Use DiffPlex to produce better diffs

drhumlen commented 4 years ago

Hi! I've long been wishing for better diffs when comparing bigger objects/records or strings. I've searched around for a library to do better string diffing, and found a library called DiffPlex that does just that. I've posted some example screenshot below of the current diff rendering vs DiffPlex's. Imo it becomes a lot easier to see exactly what is changed in bigger object.

I've added some failing tests to the Sample project (not sure if it's the right place or not) to illustrate the new rendering.

This is still work in progress, but I rather show it off now before I put more time into it in case there's some reasons we can't do it this way. (Perfomance, compatability, preference..?). (Note also that I temporarily removed net461 because I couldn't get net461 to run on my machine before my patience ran out. (I'm on MacOS and every installer from microsoft seems to be .exe files))

What do you think?

Rendering examples:

haf commented 4 years ago

@drhumlen Thank you for your suggestion and contribution! I hope you stick around and do more great stuff like this.

I really like the improved outputs, but I don't like taking on new dependencies. I see two alternatives;

porting the algorithm here which is possible under apache 2.0
creating a separate package, so that the diff is not as good by default, and making the diff algorithm configurable by adding a package

drhumlen commented 4 years ago

I really like the improved outputs, but I don't like taking on new dependencies.

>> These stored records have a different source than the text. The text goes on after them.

(* Let $0<\mu<1$, $0<\nu<1$, $C>0$, $N_0\in\mathbb Z$, and for $n\ge N_0$ let $F_n,G_n\in\mathbb R^{1\times4}$ and $H_n\in\mathbb R^{2\times4}$ satisfy $\|F_n\|,\|G_n\|,\|H_n\|\le C\nu^n$. Consider the system $$\xi_{n+1}=\mu\xi_n+F_n\zeta_n,\quad \eta_{n+1}=\mu^{-1}\eta_n+G_n\zeta_n,\quad \chi_{n+1}=\chi_n+H_n\zeta_n,$$ where $\xi_n,\eta_n\in\mathbb R$, $\chi_n\in\mathbb R^2$, $\zeta_n=(\xi_n,\eta_n,\chi_n)^T\in\mathbb R^4$. Then there is an integer $N\ge N_0$ such that for every $\xi^0\in\mathbb R$ and $\chi_+\in\mathbb R^2$ there exists a unique solution $\{\zeta_n\}_{n\ge N}$ of the system with $\xi_N=\xi^0$, $\chi_n\to\chi_+$, $\xi_n\to0$ and $\eta_n\to0$ as $n\to+\infty$. *)

theory Defs
  imports "HOL-Analysis.Analysis"
begin

definition zeta :: "real \<Rightarrow> real \<Rightarrow> real^2 \<Rightarrow> real^4" where
  "zeta x y c = vector [x, y, c $ 1, c $ 2]"

text \<open>Row vectors F_n, G_n in R^(1x4) act by the inner product; H_n in R^(2x4) acts by
  matrix-vector multiplication.\<close>
definition solves_sys ::
  "real \<Rightarrow> (int \<Rightarrow> real^4) \<Rightarrow> (int \<Rightarrow> real^4) \<Rightarrow> (int \<Rightarrow> real^4^2) \<Rightarrow> int
    \<Rightarrow> (int \<Rightarrow> real) \<Rightarrow> (int \<Rightarrow> real) \<Rightarrow> (int \<Rightarrow> real^2) \<Rightarrow> bool" where
  "solves_sys \<mu> F G H N xi eta chi \<longleftrightarrow>
     (\<forall>n\<ge>N. xi (n + 1) = \<mu> * xi n + F n \<bullet> zeta (xi n) (eta n) (chi n)
           \<and> eta (n + 1) = inverse \<mu> * eta n + G n \<bullet> zeta (xi n) (eta n) (chi n)
           \<and> chi (n + 1) = chi n + H n *v zeta (xi n) (eta n) (chi n))"

definition good_sol ::
  "real \<Rightarrow> (int \<Rightarrow> real^4) \<Rightarrow> (int \<Rightarrow> real^4) \<Rightarrow> (int \<Rightarrow> real^4^2) \<Rightarrow> int
    \<Rightarrow> real \<Rightarrow> real^2 \<Rightarrow> (int \<Rightarrow> real) \<Rightarrow> (int \<Rightarrow> real) \<Rightarrow> (int \<Rightarrow> real^2) \<Rightarrow> bool" where
  "good_sol \<mu> F G H N xi0 chip xi eta chi \<longleftrightarrow>
     solves_sys \<mu> F G H N xi eta chi \<and> xi N = xi0
     \<and> (chi \<longlongrightarrow> chip) at_top \<and> (xi \<longlongrightarrow> 0) at_top \<and> (eta \<longlongrightarrow> 0) at_top"

end

theory Submission
  imports Defs
begin

text \<open>Variation of constants, with \<open>\<xi>\<close> summed forward from \<open>\<xi>\<^sub>N\<close> and \<open>\<eta>\<close>, \<open>\<chi>\<close> summed
  backward from \<open>+\<infinity>\<close> (where \<open>\<eta> \<rightarrow> 0\<close> and \<open>\<chi> \<rightarrow> \<chi>\<^sub>+\<close>), identifies the solutions with the
  prescribed data and limits with the bounded fixed points of an affine Lyapunov--Perron operator
  on sequences. Once \<open>N\<close> is so large that \<open>C \<nu>\<^sup>N\<close> is small, this operator is a
  \<open>1/2\<close>-contraction for the supremum distance, and Banach's fixed point theorem gives
  existence and uniqueness.\<close>

definition zeta_chi :: "real^4 \<Rightarrow> real^2" where
  "zeta_chi v = vector [v $ 3, v $ 4]"

lemma zeta_nth [simp]:
  "zeta x y c $ 1 = x" "zeta x y c $ 2 = y" "zeta x y c $ 3 = c $ 1" "zeta x y c $ 4 = c $ 2"
  by (simp_all add: zeta_def vector_def)

lemma zeta_chi_zeta [simp]: "zeta_chi (zeta x y c) = c"
  by (simp add: zeta_chi_def vec_eq_iff forall_2 vector_def)

lemma zeta_components [simp]: "zeta (v $ 1) (v $ 2) (zeta_chi v) = v"
  by (simp add: zeta_chi_def vec_eq_iff forall_4 vector_def)

lemma zeta_add: "zeta x y c + zeta x' y' c' = zeta (x + x') (y + y') (c + c')"
  by (simp add: vec_eq_iff forall_4)

lemma zeta_diff: "zeta x y c - zeta x' y' c' = zeta (x - x') (y - y') (c - c')"
  by (simp add: vec_eq_iff forall_4)

lemma tendsto_zeta [tendsto_intros]:
  assumes "(x \<longlongrightarrow> x0) F" and "(y \<longlongrightarrow> y0) F" and "(c \<longlongrightarrow> c0) F"
  shows "((\<lambda>t. zeta (x t) (y t) (c t)) \<longlongrightarrow> zeta x0 y0 c0) F"
proof (rule vec_tendstoI)
  fix i :: 4
  show "((\<lambda>t. zeta (x t) (y t) (c t) $ i) \<longlongrightarrow> zeta x0 y0 c0 $ i) F"
    using exhaust_4[of i] assms by (auto intro: tendsto_vec_nth)
qed

lemma norm_zeta_le: "norm (zeta x y c) \<le> \<bar>x\<bar> + \<bar>y\<bar> + 2 * norm c"
proof -
  have "norm (zeta x y c) \<le> \<bar>x\<bar> + \<bar>y\<bar> + \<bar>c $ 1\<bar> + \<bar>c $ 2\<bar>"
    using norm_le_l1_cart[of "zeta x y c"] by (simp add: sum_4)
  moreover have "\<bar>c $ 1\<bar> \<le> norm c" "\<bar>c $ 2\<bar> \<le> norm c"
    by (simp_all add: component_le_norm_cart)
  ultimately show ?thesis
    by linarith
qed

lemma norm_matrix_vector_mult_le:
  fixes A :: "real^'n^'m"
  shows "norm (A *v x) \<le> CARD('m) * norm A * norm x"
proof -
  have "norm (A *v x) \<le> (\<Sum>i\<in>UNIV. \<bar>(A *v x) $ i\<bar>)"
    by (rule norm_le_l1_cart)
  also have "\<dots> \<le> (\<Sum>i\<in>(UNIV::'m set). norm A * norm x)"
  proof (rule sum_mono)
    fix i
    have "\<bar>(A *v x) $ i\<bar> \<le> norm (A $ i) * norm x"
      by (simp add: matrix_mult_dot Cauchy_Schwarz_ineq2)
    also have "\<dots> \<le> norm A * norm x"
      by (simp add: mult_right_mono Finite_Cartesian_Product.norm_nth_le)
    finally show "\<bar>(A *v x) $ i\<bar> \<le> norm A * norm x" .
  qed
  finally show ?thesis
    by simp
qed

lemma summable_geometric_dominated:
  fixes u :: "nat \<Rightarrow> 'a::banach"
  assumes "0 \<le> \<nu>" "\<nu> < 1" and "\<And>i. norm (u i) \<le> c * \<nu> ^ i"
  shows "summable u" and "norm (suminf u) \<le> c / (1 - \<nu>)"
proof -
  have "(\<lambda>i. c * \<nu> ^ i) sums (c * (1 / (1 - \<nu>)))"
    using assms(1,2) by (intro sums_mult geometric_sums) auto
  then have geo: "(\<lambda>i. c * \<nu> ^ i) sums (c / (1 - \<nu>))"
    by simp
  show "summable u"
    using summable_comparison_test'[OF sums_summable[OF geo] assms(3)] .
  show "norm (suminf u) \<le> c / (1 - \<nu>)"
    using norm_suminf_le[OF assms(3) sums_summable[OF geo]] by (simp add: sums_unique[OF geo, symmetric])
qed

Yeah, I understand that. It's always good to keep dependencies to a minimum to avoid being ... well dependent.

I was actually thinking about making the diffing function a user-configurable thing – so you can pass whichever differ function you want to use to Expecto. That way, you as a user can opt in on DiffPlex – or some other diffing library if you want to.

Porting it is also interesting. At first I thought this diffing algorithm was very complex, but it doesn't look too daunting looking at the code you linked. Perhaps just porting it over is the easiest and best result? 🤔

It's possible to do both also. Make the differ a configuration for the expecto user and port over the algorithm as a "better default" (perhaps with the option to use the current differ).

drhumlen commented 4 years ago

It's also possible to add a gutter with linenumber & color coding the change: blue=modified, green=whole line added, red=whole line deleted, yellow="imaginary" – just like many git tools support. Not sure if it's too much with numbers or not 🤔perhaps make it configurable? And of course don't display line numbers when there's only one line.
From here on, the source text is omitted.